▶ **The problem**: Under this line are the records; write out word for word the part that begins at the line containing "finite C \<and>" and ends at the line containing "nat \<Rightarrow> nat", and no more.

▶ **Records to process**:
####################

lemma integrable_mult_bounded_by_indicator:
  fixes g \<rho> :: "'a \<Rightarrow> real"
  assumes "set_integrable M C \<rho>" "g \<in> borel_measurable M" "\<rho> \<in> borel_measurable M"
    and "\<And>x. \<bar>g x\<bar> \<le> 1" "\<And>x. g x \<noteq> 0 \<Longrightarrow> x \<in> C"
  shows "integrable M (\<lambda>x. g x * \<rho> x)"
proof (rule Bochner_Integration.integrable_bound)
  show "integrable M (\<lambda>x. indicator C x *\<^sub>R \<rho> x)"
    using assms(1) unfolding set_integrable_def .
  show "AE x in M. norm (g x * \<rho> x) \<le> norm (indicator C x *\<^sub>R \<rho> x)"
  proof (rule AE_I2)
    fix x
    show "norm (g x * \<rho> x) \<le> norm (indicator C x *\<^sub>R \<rho> x)"
      using assms(4)[of x] assms(5)[of x]
      by (cases "x \<in> C") (force simp: abs_mult mult_left_le_one_le)+
  qed
qed (use assms(2,3) in measurable)

lemma integral_bump_mult_rho_pos:
  fixes dx :: "'a::{group_add,t2_space} measure" and g :: "'a \<Rightarrow> real"
  assumes add: "continuous_on UNIV (\<lambda>p::'a \<times> 'a. fst p + snd p)" and haar: "haar_on UNIV dx"
    and \<rho>: "rho_function K H dx \<Delta>G \<Delta>K \<Delta>H \<rho>" "\<And>x. \<rho> x > 0"
    and g: "continuous_on UNIV g" "\<And>x. 0 \<le> g x" "\<And>x. g x \<le> 1" "g y = 1"
    and C: "compact C" "\<And>x. g x \<noteq> 0 \<Longrightarrow> x \<in> C"
  shows "(\<integral>x. g x * \<rho> x \<partial>dx) > 0"
proof (rule integral_pos_haar_on[OF add haar g(1,2), of y])
  show "integrable dx (\<lambda>x. g x * \<rho> x)"
  proof (rule integrable_mult_bounded_by_indicator)
    have "sets dx = sets borel" using haar unfolding haar_on_def radon_on_def by simp
    then show "g \<in> borel_measurable dx"
      using borel_measurable_continuous_onI[OF g(1)] measurable_cong_sets by blast
    show "set_integrable dx C \<rho>" "\<rho> \<in> borel_measurable dx"
      using \<rho>(1) C(1) unfolding rho_function_def by auto
  qed (use g(2,3) C(2) in auto)
qed (use g(4) \<rho>(2) in auto)

lemma compactly_supportedI:
  fixes f :: "'a::t2_space \<Rightarrow> complex"
  assumes "continuous_on UNIV f" "compact C" "\<And>x. f x \<noteq> 0 \<Longrightarrow> x \<in> C"
  shows "compactly_supported f"
proof -
  have "closure {x. f x \<noteq> 0} \<subseteq> C"
    using assms(2,3) by (intro closure_minimal compact_imp_closed) auto
  then show ?thesis
    unfolding compactly_supported_def
    using assms(1,2) compact_Int_closed[OF assms(2) closed_closure] by (metis inf.absorb2)
qed

lemma exists_compactly_supported_bump:
  fixes V :: "'a::t2_space set"
  assumes "locally_compact_space (euclidean :: 'a topology)" and "open V" "y \<in> V"
  obtains g :: "'a \<Rightarrow> real" and C
  where "continuous_on UNIV g" "\<And>x. 0 \<le> g x" "\<And>x. g x \<le> 1" "g y = 1"
    "compact C" "C \<subseteq> V" "\<And>x. g x \<noteq> 0 \<Longrightarrow> x \<in> C"
proof -
  have reg: "regular_space (euclidean :: 'a topology)"
    using locally_compact_Hausdorff_imp_regular_space[OF assms(1) Hausdorff_space_euclidean_t2] .
  have "neighbourhood_base_of (\<lambda>C. compactin euclidean C \<and> closedin euclidean C)
      (euclidean :: 'a topology)"
    using locally_compact_regular_space_neighbourhood_base assms(1) reg by blast
  then obtain W C where W: "open W" "y \<in> W" "W \<subseteq> C" and C: "compact C" "C \<subseteq> V"
    using assms(2,3) unfolding neighbourhood_base_of by (metis open_openin compactin_euclidean_iff)
  have "completely_regular_space (euclidean :: 'a topology)"
    using locally_compact_regular_imp_completely_regular_space assms(1) reg by blast
  moreover have "closedin euclidean (- W)" using W(1) by (simp add: closed_Compl)
  ultimately obtain \<phi> :: "'a \<Rightarrow> real"
    where \<phi>: "continuous_map euclidean (top_of_set {0..1}) \<phi>" "\<phi> y = 0" "\<phi> ` (- W) \<subseteq> {1}"
    using W(2) unfolding completely_regular_space_def by (metis Diff_iff UNIV_I topspace_euclidean
        double_complement ComplD)
  have "continuous_on UNIV \<phi>" "\<And>x. \<phi> x \<in> {0..1}"
    using \<phi>(1) unfolding continuous_map_in_subtopology by auto
  then show ?thesis
    using \<phi>(2,3) W(3) C by (intro that[of "\<lambda>x. 1 - \<phi> x" C]) (auto intro!: continuous_intros)
qed
(* For each positive integer $k$, let $\alpha(k)$ be the infimum of those $\alpha$ such that every election has a committee of size $k$ that is $\alpha$-undominated. Then $\frac{\alpha(k)}{1 - \ln\alpha(k)} \leq \frac{2}{k+1}$, and $$\alpha(k) \leq \min_{1 \leq k' < k} \left(\left(\frac{k'}{k}\right)^2 \alpha(k') + \frac{4\ln \frac{k}{k'}}{k - k'}\right).$$
   Context: An election consists of a finite set $V$ of $n$ voters, a finite set $C$ of candidates, and for each voter $v$ a strict linear order $\succ_v$ on $C$. A committee is a subset $S \subseteq C$. For a candidate $a$ and committee $S$, write $a \succ_v S$ if $v$ prefers $a$ to every member of $S$, and let $\frac1n|a \succ S| = \frac1n|\{v \in V : a \succ_v S\}|$. A committee $S$ is $\alpha$-undominated if for every candidate $a \in C$, $\frac1n|a \succ S| < \alpha$. The minimum over $1 \le k' < k$ is over integers $k'$. *)

theory Defs
  imports "HOL-Analysis.Analysis"
begin

text \<open>An election: a finite nonempty voter set V, a finite candidate set C, and for each
voter v a strict linear order P v on C; (a, b) \<in> P v means that v prefers a to b.
Voters and candidates are encoded as natural numbers (any finite election is isomorphic
to one of this form).\<close>

definition election :: "nat set \<Rightarrow> nat set \<Rightarrow> (nat \<Rightarrow> (nat \<times> nat) set) \<Rightarrow> bool" where
  "election V C P \<longleftrightarrow> finite V \<and> V \<noteq> {} \<and> finite C \<and>
     (\<forall>v\<in>V. strict_linear_order_on C (P v) \<and> P v \<subseteq> C \<times> C)"

definition dom_frac :: "nat set \<Rightarrow> (nat \<Rightarrow> (nat \<times> nat) set) \<Rightarrow> nat \<Rightarrow> nat set \<Rightarrow> real" where
  "dom_frac V P a S = real (card {v \<in> V. \<forall>b\<in>S. (a, b) \<in> P v}) / real (card V)"

definition undominated :: "real \<Rightarrow> nat set \<Rightarrow> nat set \<Rightarrow> (nat \<Rightarrow> (nat \<times> nat) set) \<Rightarrow> nat set \<Rightarrow> bool" where
  "undominated \<alpha> V C P S \<longleftrightarrow> (\<forall>a\<in>C. dom_frac V P a S < \<alpha>)"

definition alpha :: "nat \<Rightarrow> real" where
  "alpha k = Inf {\<alpha>. \<forall>V C P. election V C P \<and> k \<le> card C \<longrightarrow>
      (\<exists>S. S \<subseteq> C \<and> card S = k \<and> undominated \<alpha> V C P S)}"

end

theory Submission
  imports Defs
begin

text \<open>Read a list of candidates as the uniform distribution on its entries. A minimax argument
  (multiplicative weights, against the best response "candidate of a random pair", whose value
  comes from Cauchy-Schwarz) yields a list such that, for every group of j among the n voters and
  every candidate a, the probabilities that the voters of the group rank a random entry weakly
  above a add up to about n (j/n)^2/2.

  Take k independent entries of the list as the committee. A voter who prefers a to all of them
  ranks at most as many entries above a as above its favourite sampled entry, and that number is
  at least s (for a list of length T) with probability at most (1 - s/T)^k. Comparing with the
  quadratic guarantee, fewer than alpha n voters prefer a to the committee as soon as
  alpha/(1 - ln alpha) > 2/(k+1).

  For the recursive bound only k - k' entries are sampled. The voters whose favourite sampled
  entry is deep form at most a (k'/k)^2 fraction; they get an alpha(k')-undominated committee of
  size k' of their own, and the remaining voters are handled by the sample as before.\<close>

section \<open>Multiplicative weights\<close>

lemma exp_neg_le_chord:
  fixes \<eta> x :: real
  assumes "0 \<le> x" "x \<le> 1"
  shows "exp (- \<eta> * x) \<le> 1 - (1 - exp (- \<eta>)) * x"
proof -
  have "exp ((1 - x) *\<^sub>R 0 + x *\<^sub>R (- \<eta>)) \<le> (1 - x) * exp 0 + x * exp (- \<eta>)"
    using assms by (intro convex_onD[OF exp_convex]) auto
  then show ?thesis by (simp add: algebra_simps)
qed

####################

▶ **Solution for this task**:
  "election V C P \<longleftrightarrow> finite V \<and> V \<noteq> {} \<and> finite C \<and>
     (\<forall>v\<in>V. strict_linear_order_on C (P v) \<and> P v \<subseteq> C \<times> C)"

definition dom_frac :: "nat set \<Rightarrow> (nat \<Rightarrow> (nat \<times> nat) set) \<Rightarrow> nat \<Rightarrow> nat set \<Rightarrow> real" where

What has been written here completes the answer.